DATA FOR THIS TASK:

lemma floor_grid_eq_imp_cmod_diff_lt:
  fixes z w :: complex
  assumes "\<lfloor>8 * Re z\<rfloor> = \<lfloor>8 * Re w\<rfloor>" "\<lfloor>8 * Im z\<rfloor> = \<lfloor>8 * Im w\<rfloor>"
  shows "cmod (z - w) < 1/4"
proof -
  have "\<bar>Re z - Re w\<bar> < 1/8" "\<bar>Im z - Im w\<bar> < 1/8"
    using assms by linarith+
  then show ?thesis
    using cmod_le[of "z - w"] by simp
qed

text \<open>Rounding the values on a finite net to a grid codes each function of a family of
  equicontinuous ones, up to uniform distance less than 1.\<close>

lemma countable_separated_continuous_family:
  fixes \<psi> :: "'i \<Rightarrow> 'a::metric_space \<Rightarrow> complex"
  assumes "compact B" and cont: "\<And>i. i \<in> I \<Longrightarrow> continuous_on B (\<psi> i)"
    and sep: "\<And>i j. i \<in> I \<Longrightarrow> j \<in> I \<Longrightarrow> \<forall>x\<in>B. cmod (\<psi> i x - \<psi> j x) < 1 \<Longrightarrow> i = j"
  shows "countable I"
proof -
  obtain L where L: "\<And>m. set (L m) \<subseteq> B" "\<And>m. B \<subseteq> (\<Union>y\<in>set (L m). ball y (1 / Suc m))"
    using compact_finite_nets[OF assms(1)] by blast
  define I' where "I' m = {i \<in> I. \<forall>x\<in>B. \<forall>y\<in>B. dist y x < 1 / Suc m \<longrightarrow> cmod (\<psi> i x - \<psi> i y) < 1/4}"
    for m
  define code where "code m i = map (\<lambda>y. (\<lfloor>8 * Re (\<psi> i y)\<rfloor>, \<lfloor>8 * Im (\<psi> i y)\<rfloor>)) (L m)" for m i
  have "I \<subseteq> (\<Union>m. I' m)"
  proof
    fix i assume "i \<in> I"
    then have "uniformly_continuous_on B (\<psi> i)"
      using compact_uniformly_continuous[OF cont assms(1)] by blast
    then obtain d where "d > 0"
      and d: "\<And>x y. x \<in> B \<Longrightarrow> y \<in> B \<Longrightarrow> dist y x < d \<Longrightarrow> dist (\<psi> i y) (\<psi> i x) < 1/4"
      by (rule uniformly_continuous_onE[where \<epsilon> = "1/4"]) auto
    obtain m :: nat where "1 / Suc m < d"
      using nat_approx_posE[OF \<open>d > 0\<close>] by blast
    then have "i \<in> I' m"
      using \<open>i \<in> I\<close> d by (force simp: I'_def dist_norm norm_minus_commute)
    then show "i \<in> (\<Union>m. I' m)" by blast
  qed
  moreover have "inj_on (code m) (I' m)" for m
  proof (rule inj_onI)
    fix i j assume i: "i \<in> I' m" and j: "j \<in> I' m" and "code m i = code m j"
    have net: "cmod (\<psi> i y - \<psi> j y) < 1/4" if "y \<in> set (L m)" for y
      using \<open>code m i = code m j\<close> that
      by (intro floor_grid_eq_imp_cmod_diff_lt) (auto simp: code_def map_eq_conv)
    show "i = j"
    proof (rule sep)
      show "i \<in> I" "j \<in> I"
        using i j by (auto simp: I'_def)
      have "\<forall>x\<in>B. cmod (\<psi> i x - \<psi> j x) < 1/4 + 1/4 + 1/4"
        using i j net by (intro close_on_net_imp_close[OF L(1,2)]) (auto simp: I'_def)
      then show "\<forall>x\<in>B. cmod (\<psi> i x - \<psi> j x) < 1"
        by fastforce
    qed
  qed
  then have "countable (I' m)" for m
    by (rule countable_image_inj_on[OF countableI_type])
  ultimately show ?thesis
    by (meson countable_UN countable_subset UNIV_I countableI_type)
qed

lemma countable_continuous_eigenvalues:
  fixes B :: "'a::metric_space set"
  assumes "compact B" "B \<noteq> {}" "g ` B = B"
  shows "countable {\<beta>. continuous_eigenvalue B g \<beta>}"
proof -
  define P where "P \<beta> \<psi> \<longleftrightarrow> continuous_on B \<psi> \<and> \<psi> ` B \<subseteq> sphere 0 1 \<and> (\<forall>x\<in>B. \<psi> (g x) = \<beta> * \<psi> x)"
    for \<beta> :: complex and \<psi> :: "'a \<Rightarrow> complex"
  have eigenfunction: "P \<beta> (SOME \<psi>. P \<beta> \<psi>)" if "continuous_eigenvalue B g \<beta>" for \<beta>
    using that unfolding continuous_eigenvalue_def P_def[symmetric] by (rule someI_ex)
  show ?thesis
  proof (rule countable_separated_continuous_family[OF assms(1)])
    fix \<beta>1 \<beta>2
    assume "\<beta>1 \<in> {\<beta>. continuous_eigenvalue B g \<beta>}" "\<beta>2 \<in> {\<beta>. continuous_eigenvalue B g \<beta>}"
      and "\<forall>x\<in>B. cmod ((SOME \<psi>. P \<beta>1 \<psi>) x - (SOME \<psi>. P \<beta>2 \<psi>) x) < 1"
    then show "\<beta>1 = \<beta>2"
      using eigenfunction assms
      by (intro continuous_eigenvalues_eq_if_eigenfunctions_close) (auto simp: P_def)
  qed (use eigenfunction P_def in auto)
qed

WORK TO COMPLETE: The full listing above needs to be transcribed exactly.

REPLY TO THE TASK:
lemma floor_grid_eq_imp_cmod_diff_lt:
  fixes z w :: complex
  assumes "\<lfloor>8 * Re z\<rfloor> = \<lfloor>8 * Re w\<rfloor>" "\<lfloor>8 * Im z\<rfloor> = \<lfloor>8 * Im w\<rfloor>"
  shows "cmod (z - w) < 1/4"
proof -
  have "\<bar>Re z - Re w\<bar> < 1/8" "\<bar>Im z - Im w\<bar> < 1/8"
    using assms by linarith+
  then show ?thesis
    using cmod_le[of "z - w"] by simp
qed

text \<open>Rounding the values on a finite net to a grid codes each function of a family of
  equicontinuous ones, up to uniform distance less than 1.\<close>

lemma countable_separated_continuous_family:
  fixes \<psi> :: "'i \<Rightarrow> 'a::metric_space \<Rightarrow> complex"
  assumes "compact B" and cont: "\<And>i. i \<in> I \<Longrightarrow> continuous_on B (\<psi> i)"
    and sep: "\<And>i j. i \<in> I \<Longrightarrow> j \<in> I \<Longrightarrow> \<forall>x\<in>B. cmod (\<psi> i x - \<psi> j x) < 1 \<Longrightarrow> i = j"
  shows "countable I"
proof -
  obtain L where L: "\<And>m. set (L m) \<subseteq> B" "\<And>m. B \<subseteq> (\<Union>y\<in>set (L m). ball y (1 / Suc m))"
    using compact_finite_nets[OF assms(1)] by blast
  define I' where "I' m = {i \<in> I. \<forall>x\<in>B. \<forall>y\<in>B. dist y x < 1 / Suc m \<longrightarrow> cmod (\<psi> i x - \<psi> i y) < 1/4}"
    for m
  define code where "code m i = map (\<lambda>y. (\<lfloor>8 * Re (\<psi> i y)\<rfloor>, \<lfloor>8 * Im (\<psi> i y)\<rfloor>)) (L m)" for m i
  have "I \<subseteq> (\<Union>m. I' m)"
  proof
    fix i assume "i \<in> I"
    then have "uniformly_continuous_on B (\<psi> i)"
      using compact_uniformly_continuous[OF cont assms(1)] by blast
    then obtain d where "d > 0"
      and d: "\<And>x y. x \<in> B \<Longrightarrow> y \<in> B \<Longrightarrow> dist y x < d \<Longrightarrow> dist (\<psi> i y) (\<psi> i x) < 1/4"
      by (rule uniformly_continuous_onE[where \<epsilon> = "1/4"]) auto
    obtain m :: nat where "1 / Suc m < d"
      using nat_approx_posE[OF \<open>d > 0\<close>] by blast
    then have "i \<in> I' m"
      using \<open>i \<in> I\<close> d by (force simp: I'_def dist_norm norm_minus_commute)
    then show "i \<in> (\<Union>m. I' m)" by blast
  qed
  moreover have "inj_on (code m) (I' m)" for m
  proof (rule inj_onI)
    fix i j assume i: "i \<in> I' m" and j: "j \<in> I' m" and "code m i = code m j"
    have net: "cmod (\<psi> i y - \<psi> j y) < 1/4" if "y \<in> set (L m)" for y
      using \<open>code m i = code m j\<close> that
      by (intro floor_grid_eq_imp_cmod_diff_lt) (auto simp: code_def map_eq_conv)
    show "i = j"
    proof (rule sep)
      show "i \<in> I" "j \<in> I"
        using i j by (auto simp: I'_def)
      have "\<forall>x\<in>B. cmod (\<psi> i x - \<psi> j x) < 1/4 + 1/4 + 1/4"
        using i j net by (intro close_on_net_imp_close[OF L(1,2)]) (auto simp: I'_def)
      then show "\<forall>x\<in>B. cmod (\<psi> i x - \<psi> j x) < 1"
        by fastforce
    qed
  qed
  then have "countable (I' m)" for m
    by (rule countable_image_inj_on[OF countableI_type])
  ultimately show ?thesis
    by (meson countable_UN countable_subset UNIV_I countableI_type)
qed

lemma countable_continuous_eigenvalues:
  fixes B :: "'a::metric_space set"
  assumes "compact B" "B \<noteq> {}" "g ` B = B"
  shows "countable {\<beta>. continuous_eigenvalue B g \<beta>}"
proof -
  define P where "P \<beta> \<psi> \<longleftrightarrow> continuous_on B \<psi> \<and> \<psi> ` B \<subseteq> sphere 0 1 \<and> (\<forall>x\<in>B. \<psi> (g x) = \<beta> * \<psi> x)"
    for \<beta> :: complex and \<psi> :: "'a \<Rightarrow> complex"
  have eigenfunction: "P \<beta> (SOME \<psi>. P \<beta> \<psi>)" if "continuous_eigenvalue B g \<beta>" for \<beta>
    using that unfolding continuous_eigenvalue_def P_def[symmetric] by (rule someI_ex)
  show ?thesis
  proof (rule countable_separated_continuous_family[OF assms(1)])
    fix \<beta>1 \<beta>2
    assume "\<beta>1 \<in> {\<beta>. continuous_eigenvalue B g \<beta>}" "\<beta>2 \<in> {\<beta>. continuous_eigenvalue B g \<beta>}"
      and "\<forall>x\<in>B. cmod ((SOME \<psi>. P \<beta>1 \<psi>) x - (SOME \<psi>. P \<beta>2 \<psi>) x) < 1"
    then show "\<beta>1 = \<beta>2"
      using eigenfunction assms
      by (intro continuous_eigenvalues_eq_if_eigenfunctions_close) (auto simp: P_def)
  qed (use eigenfunction P_def in auto)
qed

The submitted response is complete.